- WORK TASK:
Only the line with "using assms by" and the lines after it, to the end of the data, should appear in the answer, each reproduced exactly.

- DATA EXCERPTS:
(* Let $p\ne q$ be primes, $G=\mathbb{Z}_p^2\times\mathbb{Z}_q^2$, and let $S\subseteq G$ be spectral with $\gcd(|S|,p^2q^2)=pq$ and $pq<|S|<pq\min\{p,q\}$. Then there exist nonzero $u\in\mathbb{Z}_p^2$ and nonzero $v\in\mathbb{Z}_q^2$ such that $\lambda u\notin S-S$ for every $\lambda\in\mathbb{Z}_p\setminus\{0\}$ and $\mu v\notin S-S$ for every $\mu\in\mathbb{Z}_q\setminus\{0\}$.
   Context: $\mathbb{Z}_p^2$ and $\mathbb{Z}_q^2$ are regarded as subgroups of $G$ (elements $(u,0)$ and $(0,v)$). For $w=(u,v)\in G$ define $\chi_w(a,b)=\exp\big(2\pi i(\tfrac{u\cdot a}{p}+\tfrac{v\cdot b}{q})\big)$ and $\chi(S)=\sum_{s\in S}\chi(s)$. $S$ is spectral if there is $\Lambda\subseteq G$ with $|\Lambda|=|S|$ and $\chi_{\lambda-\lambda'}(S)=0$ for all distinct $\lambda,\lambda'\in\Lambda$. *)

theory Defs
  imports "HOL-Analysis.Analysis" "HOL-Computational_Algebra.Primes"
begin

text \<open>The group G = Z_p^2 x Z_q^2, elements represented as ((a1,a2),(b1,b2))
  with canonical representatives a_i in {0..<p}, b_i in {0..<q}.\<close>

type_synonym elt = "(int \<times> int) \<times> (int \<times> int)"

definition grp :: "int \<Rightarrow> int \<Rightarrow> elt set" where
  "grp p q = ({0..<p} \<times> {0..<p}) \<times> ({0..<q} \<times> {0..<q})"

definition gsub :: "int \<Rightarrow> int \<Rightarrow> elt \<Rightarrow> elt \<Rightarrow> elt" where
  "gsub p q x y =
     (((fst (fst x) - fst (fst y)) mod p, (snd (fst x) - snd (fst y)) mod p),
      ((fst (snd x) - fst (snd y)) mod q, (snd (snd x) - snd (snd y)) mod q))"

definition chr :: "int \<Rightarrow> int \<Rightarrow> elt \<Rightarrow> elt \<Rightarrow> complex" where
  "chr p q w x = cis (2 * pi *
     (of_int (fst (fst w) * fst (fst x) + snd (fst w) * snd (fst x)) / of_int p +
      of_int (fst (snd w) * fst (snd x) + snd (snd w) * snd (snd x)) / of_int q))"

definition chr_sum :: "int \<Rightarrow> int \<Rightarrow> elt \<Rightarrow> elt set \<Rightarrow> complex" where
  "chr_sum p q w S = (\<Sum>s\<in>S. chr p q w s)"

definition spectral :: "int \<Rightarrow> int \<Rightarrow> elt set \<Rightarrow> bool" where
  "spectral p q S \<longleftrightarrow> (\<exists>\<Lambda>. \<Lambda> \<subseteq> grp p q \<and> card \<Lambda> = card S \<and>
     (\<forall>l\<in>\<Lambda>. \<forall>l'\<in>\<Lambda>. l \<noteq> l' \<longrightarrow> chr_sum p q (gsub p q l l') S = 0))"

definition diffset :: "int \<Rightarrow> int \<Rightarrow> elt set \<Rightarrow> elt set" where
  "diffset p q S = {gsub p q x y | x y. x \<in> S \<and> y \<in> S}"

end

theory Submission
  imports Defs "Jordan_Normal_Form.Char_Poly"
begin

text \<open>If \<open>\<Lambda>\<close> is a spectrum of S, the character matrix \<open>(\<chi>\<^sub>\<lambda>(s))\<close> is \<open>\<surd>|S|\<close> times
  a unitary matrix, so its columns are orthogonal as well: \<open>\<chi>(d)\<close> sums to 0 over \<open>\<Lambda>\<close>
  for every nonzero \<open>d \<in> S - S\<close>. If every line \<open>{\<lambda>u}\<close> of \<open>\<int>\<^sub>p\<^sup>2\<close> met \<open>S - S\<close>,
  the Fourier transform of the projection of \<open>\<Lambda>\<close> to \<open>\<int>\<^sub>p\<^sup>2\<close> would vanish at some
  nonzero point of every line, hence (the Galois group of \<open>\<rat>(\<zeta>\<^sub>p)\<close> acting transitively
  on the nonzero points of a line) at every nonzero point. Fourier inversion then gives
  \<open>p\<^sup>2 dvd |\<Lambda>| = |S|\<close>, which the gcd condition excludes. The same argument works
  for \<open>\<int>\<^sub>q\<^sup>2\<close>.\<close>

section \<open>Roots of unity\<close>

lemma sum_atLeast0_lessThan_int:
  assumes "n \<ge> 0"
  shows "(\<Sum>j\<in>{0..<n}. f j) = (\<Sum>k<nat n. f (int k))"
proof -
  have "{0..<n} = int ` {..<nat n}"
    using assms by (simp add: image_int_atLeastLessThan flip: atLeast0LessThan)
  then show ?thesis
    by (simp add: sum.reindex)
qed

- SOLUTION TO THE EXERCISE:
    using assms by (simp add: image_int_atLeastLessThan flip: atLeast0LessThan)
  then show ?thesis
    by (simp add: sum.reindex)
qed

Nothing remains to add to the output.